Italian illustrator and painter

Giovanni Maria Mataloni (24 July 1869 – 21 September 1944) was an Italian poster art designer and illustrator. Mataloni was an exponent of the Stile Liberty, the Italian Art Nouveau. Together with Leonetto Cappiello, Adolfo Hohenstein, Marcello Dudovich and Leopoldo Metlicovitz he is considered one of the progenitors of Italian poster design.

== Biography ==
Giovanni Maria Mataloni was born in Rome on 24 July 1869, to a family of noble origins. His father's family owned several paper mills in Pioraco, a small town in the province of Macerata. A leading figure in the Art Nouveau movement, he is widely regarded as one of the fathers of modern Italian poster art, alongside Leonetto Cappiello, Adolfo Hohenstein, Leopoldo Metlicovitz and Marcello Dudovich. He created his first poster in 1895, soon gaining international recognition as a poster artist. Jules Chéret reproduced one of his posters in the famous collection of lithographic plates Les Maîtres de l'affiche (1895–1900).

Mataloni collaborated with Ricordi and De Agostini, as well as the publishing houses Chappuis of Bologna and Bocca of Turin. He also worked with the magazines L'Illustrazione Italiana and La Tribuna Illustrata, as well as the Sicilian daily newspaper L'Ora. Mataloni held the chair of nude painting at the Accademia di Belle Arti di Roma, where he taught Umberto Boccioni. In 1908 he frescoed the dining room of the Gran Caffé Faraglia on Piazza Venezia and the Palazzo dell'Agricoltura, the seat of the Italian Ministry of Agriculture.

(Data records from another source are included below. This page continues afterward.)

theorem mainTheorem13:
  fixes k q c :: nat
  assumes "c \<le> 2 ^ k - 1"
  shows "card {t \<in> output_states (2 ^ (k + q)) (2 ^ q).
            \<not> suppressed (k + q) (map (\<lambda>i. i + 2 ^ q * c) [1..<2 ^ q + 1]) t}
           = (2 ^ (k + q) div 2 ^ q) ^ (2 ^ q)
       \<and> (2 ^ (k + q) div 2 ^ q) ^ (2 ^ q) = (2::nat) ^ (k * 2 ^ q)
       \<and> card (output_states (2 ^ (k + q)) (2 ^ q)) = (2 ^ (k + q) + 2 ^ q - 1) choose (2 ^ q)"
proof -
  let ?s = "map (\<lambda>i. i + 2 ^ q * c) [1..<2 ^ q + 1]"
  have "c < 2^k" using assms by (simp add: le_diff_conv2 Suc_le_eq)
  have m: "(2::nat) ^ (k + q) = 2^q * 2^k" by (simp add: power_add)
  have "{t \<in> output_states (2 ^ (k + q)) (2 ^ q). \<not> suppressed (k + q) ?s t}
      = {t \<in> output_states (2^q * 2^k) (2^q). inj_on (\<lambda>i. (t!i - 1) mod 2^q) {..<2^q}}"
    using det_scattering_input_block_eq_0_iff[OF \<open>c < 2^k\<close>]
    by (auto simp: suppressed_iff_det_eq_0 output_states_def m)
  then have "card {t \<in> output_states (2 ^ (k + q)) (2 ^ q). \<not> suppressed (k + q) ?s t}
      = (2^k) ^ (2^q)"
    using card_output_states_distinct_residues[of "2^q" "2^k"] by simp
  then show ?thesis by (simp add: m power_mult card_output_states)
qed

end
(* Let $C,r>1$ and $n>(Cr)^8$. Suppose $H$ is sampled from a $Cr/n$-spread distribution on subgraphs of $K_{n,n}$. Then with probability at least $1-n^{-40}$ there do not exist disjoint sets $S,T\subset V(K_{n,n})$ with $|T|=20|S|<\sqrt n$ together with pairwise distinct unordered pairs $\{s^1_t,s^2_t\}$ ($t\in T$) of distinct vertices such that each $s^i_t\in S$ and $ts^i_t\in E(H)$ for $i=1,2$.
   Context: A random subgraph $H$ of $K_{n,n}$ is $q$-spread if $\mathbb{P}(S\subset H)\le q^{|S|}$ for every $S\subset E(K_{n,n})$. *)

theory Defs
  imports "HOL-Probability.Probability_Mass_Function"
begin

text \<open>K_{n,n}: vertices (False,i) (left side) and (True,j) (right side), i,j < n.
  The edge (i,j) joins left vertex i and right vertex j.\<close>

definition KVert :: "nat \<Rightarrow> (bool \<times> nat) set" where
  "KVert n = UNIV \<times> {..<n}"

definition KEdges :: "nat \<Rightarrow> (nat \<times> nat) set" where
  "KEdges n = {..<n} \<times> {..<n}"

definition adj :: "(nat \<times> nat) set \<Rightarrow> bool \<times> nat \<Rightarrow> bool \<times> nat \<Rightarrow> bool" where
  "adj H u v \<longleftrightarrow> (\<exists>i j. (i, j) \<in> H \<and>
      ((u = (False, i) \<and> v = (True, j)) \<or> (u = (True, j) \<and> v = (False, i))))"

definition spread :: "nat \<Rightarrow> real \<Rightarrow> (nat \<times> nat) set pmf \<Rightarrow> bool" where
  "spread n q P \<longleftrightarrow> set_pmf P \<subseteq> Pow (KEdges n) \<and>
     (\<forall>S. S \<subseteq> KEdges n \<longrightarrow> measure_pmf.prob P {H. S \<subseteq> H} \<le> q ^ card S)"

definition bad_config :: "nat \<Rightarrow> (nat \<times> nat) set \<Rightarrow> bool" where
  "bad_config n H \<longleftrightarrow> (\<exists>S T f.
     S \<subseteq> KVert n \<and> T \<subseteq> KVert n \<and> S \<inter> T = {} \<and> S \<noteq> {} \<and>
     card T = 20 * card S \<and> real (card T) < sqrt (real n) \<and>
     inj_on f T \<and>
     (\<forall>t\<in>T. \<exists>a b. f t = {a, b} \<and> a \<noteq> b \<and> a \<in> S \<and> b \<in> S \<and> adj H t a \<and> adj H t b))"

end

theory Submission
  imports Defs
begin
lemma integrable_lborel_if_integrals_bounded:
  fixes f :: "real \<Rightarrow> real"
  assumes f: "continuous_on UNIV f" and f_nonneg: "\<And>x. 0 \<le> f x"
    and bounded: "\<And>n::nat. integral {- real n..real n} f \<le> C"
  shows "integrable lborel f"
proof (rule integrableI_nonneg)
  show meas: "f \<in> borel_measurable lborel"
    by (rule borel_measurable_lborel_if_continuous[OF f])
  define F where "F n x = ennreal (f x) * indicator {- real n..real n} x" for n x
  have "incseq F"
    by (auto simp: F_def incseq_def le_fun_def indicator_def)
  moreover have [measurable]: "f \<in> borel_measurable borel"
    by (rule borel_measurable_continuous_onI[OF f])
  then have [measurable]: "F n \<in> borel_measurable lborel" for n
    unfolding F_def measurable_lborel1 by measurable
  ultimately have "(\<integral>\<^sup>+x. (SUP n. F n x) \<partial>lborel) = (SUP n. integral\<^sup>N lborel (F n))"
    by (rule nn_integral_monotone_convergence_SUP)
  moreover have "(SUP n. F n x) = ennreal (f x)" for x
  proof (rule antisym)
    show "(SUP n. F n x) \<le> ennreal (f x)"
      by (rule SUP_least) (auto simp: F_def indicator_def)
    have "F (nat \<lceil>\<bar>x\<bar>\<rceil>) x = ennreal (f x)"
      by (auto simp: F_def indicator_def abs_le_iff; linarith)
    then show "ennreal (f x) \<le> (SUP n. F n x)"
      by (metis SUP_upper UNIV_I)
  qed
  moreover have "integral\<^sup>N lborel (F n) = ennreal (integral {- real n..real n} f)" for n
    unfolding F_def
    by (rule nn_integral_has_integral_lebesgue'[OF f_nonneg])
       (auto intro: integrable_integral integrable_continuous_real continuous_on_subset[OF f])
  ultimately have "(\<integral>\<^sup>+x. ennreal (f x) \<partial>lborel) = (SUP n. ennreal (integral {- real n..real n} f))"
    by simp
  also have "\<dots> \<le> ennreal C"
    by (rule SUP_least) (auto intro: ennreal_leI bounded)
  finally show "(\<integral>\<^sup>+x. ennreal (f x) \<partial>lborel) < \<infinity>"
    using le_less_trans by fastforce
qed (use f_nonneg in auto)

Despite his importance in the early nineteenth-century Italian artistic landscape, information about his later life remains scarce. During the 1920s and 1930s he worked for the cartography department of the De Agostini Institute. In his later years, he devoted himself to portraiture, particularly of children and women. He died on 21 September 1944 and was buried in the monumental cemetery of Campo Verano in Rome.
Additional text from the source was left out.